A mortgage or frankly saying mortgage loan is a debt instrument secured by a specific real estate property with the condition that the borrower is obliged to payback with a pre-determined set of payments.
It can be used in two ways-either in raising funds to buy the real estate property, or by existing property owners to raise funds while mortgaging that property. The term “mortgage” is derived from a French word meaning “death pledge” and refers to the pledge dying when the obligation is totally fulfilled or some breach has been done due to which foreclosure has taken place.
This is a legal process which allows the lender to take the possession and sell the secured property to pay off the loan if any default occurs on account of the buyer.
As per Section 11 (4) (g) of the RERA Act, 2016, it is the duty of the promoter to pay all the outgoings till the transfer of the physical possession to the allottee, for example, maintenance charges, other local taxes, including mortgage loan and interest on mortgages and other liabilities payable to the local authorities.

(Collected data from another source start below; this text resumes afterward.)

theorem component_is_cycle:
  "\<exists>n f. 3 \<le> n \<and> bij_betw f {..<n} C \<and>
     (\<forall>i<n. \<forall>j<n. R (f i) (f j) \<longleftrightarrow> (j = Suc i mod n \<or> i = Suc j mod n))"
proof (intro exI conjI)
  show "3 \<le> period" by (rule period_ge_3)
  show "bij_betw walk {..<period} C"
    unfolding bij_betw_def using inj_on_walk component_eq_walk_image by simp
  show "\<forall>i<period. \<forall>j<period. R (walk i) (walk j) \<longleftrightarrow> (j = Suc i mod period \<or> i = Suc j mod period)"
    using walk_adj_iff by simp
qed

end

lemma cycle_even_if_two_coloured:
  fixes col :: "'b \<Rightarrow> bool"
  assumes n: "3 \<le> n" and f: "bij_betw f {..<n} C"
    and adj: "\<forall>i<n. \<forall>j<n. R (f i) (f j) \<longleftrightarrow> (j = Suc i mod n \<or> i = Suc j mod n)"
    and colour: "\<And>y z. y \<in> C \<Longrightarrow> z \<in> C \<Longrightarrow> R y z \<Longrightarrow> col y \<noteq> col z"
  shows "even n"
proof -
  have f_in: "f i \<in> C" if "i < n" for i
    using f that unfolding bij_betw_def by auto
  have colour_step: "col (f i) \<noteq> col (f j)" if "i < n" "j < n" "j = Suc i mod n" for i j
    using colour[OF f_in f_in] adj that by blast
  have alternating: "col (f i) = (col (f 0) = even i)" if "i < n" for i
    using that
  proof (induction i)
    case (Suc i)
    then have "col (f i) \<noteq> col (f (Suc i))" using colour_step[of i "Suc i"] by simp
    then show ?case using Suc by auto
  qed simp
  have "col (f (n - 1)) \<noteq> col (f 0)" using colour_step[of "n - 1" 0] n by simp
  then have "odd (n - 1)" using alternating[of "n - 1"] n by auto
  then show ?thesis using n by simp
qed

Proviso to Section 11(4) (g) of the RERA Act, 2016, states that where any promoter fails to pay any of the outgoings collected by him from the allottees including mortgage loan and interest thereon before transferring the property to the allottees, the promoter shall continue to be liable for such outgoings even after the transfer of the property and for any cost of legal proceedings which may be taken by any authority or other person.
The developers must note the above provisions in order to avoid any litigation and continue their work in a hassle-free manner.